Korkunç bir telaşa kapılmamız hiç elde değildi.
 
Yıllarca süren, rahmetli annemin hıçkırıkları hala beynimde zonklamakta...
 
Sorgulama süreci epey uzun sürdü.
 
Bu esnada her gün dövüldüler ve ağır işkencelerden geçirildiler.
 
Türk asıllı tutukluların, soruşturma esnasında gösterdikleri cesaret ve çetin direniş, sadist ruhlu polisleri adeta deli divaneye çeviriyordu.
 
Bu hazin ve sarsıcı hadiselerin bazı şahitleri hala hayatta.
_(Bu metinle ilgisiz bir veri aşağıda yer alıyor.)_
(* For every $\epsilon>0$, $n,k\in\mathbb N$ and $T\in M_k(\mathcal B^{(n)})$, we have $L_k(\sigma^{(n)}_T)<L^{(n)}_k(T)+\epsilon$.
   Context: $G$ is a connected compact semisimple Lie group and $l$ a continuous length function on $G$ ($l\ge0$, $l(x)=0$ iff $x=e$, $l(x^{-1})=l(x)$, $l(xy)\le l(x)+l(y)$) with $l(xyx^{-1})=l(y)$ for all $x,y$. $(U,\mathcal H)$ is a fixed irreducible unitary representation of $G$ with highest weight vector $\xi$, $\|\xi\|=1$; $P$ is the rank-one projection onto $\mathbb C\xi$ and $H$ the stability subgroup of $P$ under $x\mapsto U_xPU_x^*$. For $n\in\mathbb N$, $(U^{(n)},\mathcal H^{(n)})$ is the subrepresentation of $U^{\otimes n}$ generated by $\xi^{\otimes n}$, $P^{(n)}$ the rank-one projection onto $\mathbb C\xi^{\otimes n}$, $\mathcal B^{(n)}=\mathcal B(\mathcal H^{(n)})$ with action $\alpha^{(n)}_x(T)=U^{(n)}_xTU^{(n)*}_x$ and usual trace $\tau^{(n)}$. $\mathcal A=C(G/H)$ with left translation $(\lambda_xf)(y)=f(x^{-1}y)$. Berezin symbol: $\sigma^{(n)}_T(x)=\tau^{(n)}(T\alpha^{(n)}_x(P^{(n)}))$ for $T\in\mathcal B^{(n)}$, $x\in G/H$; for $T=[T_{ij}]\in M_k(\mathcal B^{(n)})$, $\sigma^{(n)}_T=[\sigma^{(n)}_{T_{ij}}]$. Norms: $\|f\|_{\infty,k}=\sup_x\|[f_{ij}(x)]\|_{M_k}$ on $M_k(\mathcal A)$; operator norm on $M_k(\mathcal B^{(n)})$. $L^{(n)}_k(T)=\sup_{x\ne e}\|[\alpha^{(n)}_x(T_{ij})-T_{ij}]\|/l(x)$ and $L_k(f)=\sup_{x\ne e}\|[\lambda_x(f_{ij})-f_{ij}]\|_{\infty,k}/l(x)$ (possibly $+\infty$). *)

theory Defs
  imports "HOL-Analysis.Analysis" "HOL-Library.Extended_Nonnegative_Real"
begin

definition adj :: "complex^'n^'m \<Rightarrow> complex^'m^'n" where
  "adj A = (\<chi> i j. cnj (A $ j $ i))"

definition cscaleM :: "complex \<Rightarrow> complex^'n^'m \<Rightarrow> complex^'n^'m" where
  "cscaleM c A = (\<chi> i j. c * A $ i $ j)"

definition cinner :: "complex^'n \<Rightarrow> complex^'n \<Rightarrow> complex" where
  "cinner v w = (\<Sum>i\<in>UNIV. cnj (v $ i) * w $ i)"

definition unitary_mat :: "complex^'n^'n \<Rightarrow> bool" where
  "unitary_mat A \<longleftrightarrow> adj A ** A = mat 1"

definition csubspace :: "(complex^'n) set \<Rightarrow> bool" where
  "csubspace S \<longleftrightarrow> 0 \<in> S \<and> (\<forall>v\<in>S. \<forall>w\<in>S. v + w \<in> S) \<and> (\<forall>c. \<forall>v\<in>S. c *s v \<in> S)"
Aynı ölüm hücreleride yatan Seydali ağabeyin, hatıratında yazdıkları hiç de unutulacak cinsten değil:
 
"Şükrü Topçu'yu her gün sorgu odasından iki kişi, kollarından sürükleyerek getiriyordu ve ayak tabanlarından akan kan izleri ise her yere sıçrıyordu..."
 
Aynı, bu ölüm hücrelerinin birisinde, bir gece ansızın milli kahramanımız Ömer Efendioğlu ( Saatçı Ömer) ağır işkenceyle öldürülüyor...
 
Vaktinde Kırcaali'nin merkezi noktalarına 19 Türk Bayrağı asan, başka bir milli kahramanımız olarak ismi parlayan Ramadan Yusuf, o gece duyduğu yardım çığlıklarını hiçbir zaman unutmayacaktır...
 
Hani meşhur bir Çorlulu bilmem neyin temsilcisi aramızda durmadan böbürleniyor ya, acaba kaç kere gidip aynı şehirde oturan Ramadan paşamızın kınalı elini öptü ve kendisinden icazet aldı. 
 
Eğridereliler, nedense ağabeyimin cenaze merasimine bile katılmaktan korktular...
 
***
1989 yılının Aralık ayında, siyasi mahkumlara af çıktı ve Şükrü Topçu yeniden ailesine kavuştu.
 
İlk iş olarak, Eğridere'de, bütün Doğu Rodoplar'dan gelen Türklerin katılımıyla, yıkılan komünist rejime karşı büyük bir protesto mitingi düzenlemek oldu.
 
Artık herkes özgürlüğe ve demokrasiye bir kere inanmıştı...
 
Kısa bir sürede, Lütvi ağabeyimle beraber bütün Kırcaali ilini dolaşıp ilk SDS ve DPS örgütlerini kurdular.
 
Bu durum, Rusya yanlısı derin devletin hiç hoşuna gitmedi ve ellerinden geleni yapıp, DPS'nin SDS koalisyonuna katılmasına bir türlü izin vermediler; çünkü bu gerçekleşmiş olsaydı, günümüzün statükocuları ve mafiyotları daha o zaman yerin dibine sokulacaklardı...
 
İlk seçimlere ramak kala, Bulgar istihbaratı, Kırcaali ilinde, tamamen demokratik bir şekilde kurulan ilk DPS örgütlerinin tümünü tasviye etti ve yerlerine yenilerini kurdurttu.
 
İşte bu şekilde gerçek bir özgürlük savaşçısı olan Şükrü Topçu'nun kanatları bir kere daha kırılmış oldu ve üç yıl öncesi ansızın aramızdan ayrılarak üzgün bir şekilde ebediyete uçtu...
 
Şimdi birleri kalkmış ve sizlere bahsettiğim derin devletin temsilcileri için bizim Türk toplumundan oy dileniyorlar...
 
Bugün, Şükrü Topçu'nun makberi, Aladağ'ın yüksek eteklerinde bulunuyor.
 
Fazla gideni geleni olmuyor, herhalde birtek yüksekten uçan kartallarla konuşuyordur, onlarla arkadaş olmuştur...
 
Mekanın cennet olsun, sevgili ağabeyim!
Yorumlar 1
Muhammet Kurtuluş 07 Haziran 2024 17:43

Rahmetli gerçekten azimli ve mücadeleci özel bir insandı.Matamatikte tartışmasız bir zeka abidesiydi. Haksızlıklara karşı gösterdiği bu üstün cesaret herkes için gurur verici bir örnek. Allah Rahmet eylesin.Mekanı Cennet'dir inşallah. Mümin kardeşime de bu güzel hatırlatma için teşekkür ederiz.Ellerine sağlık,selski.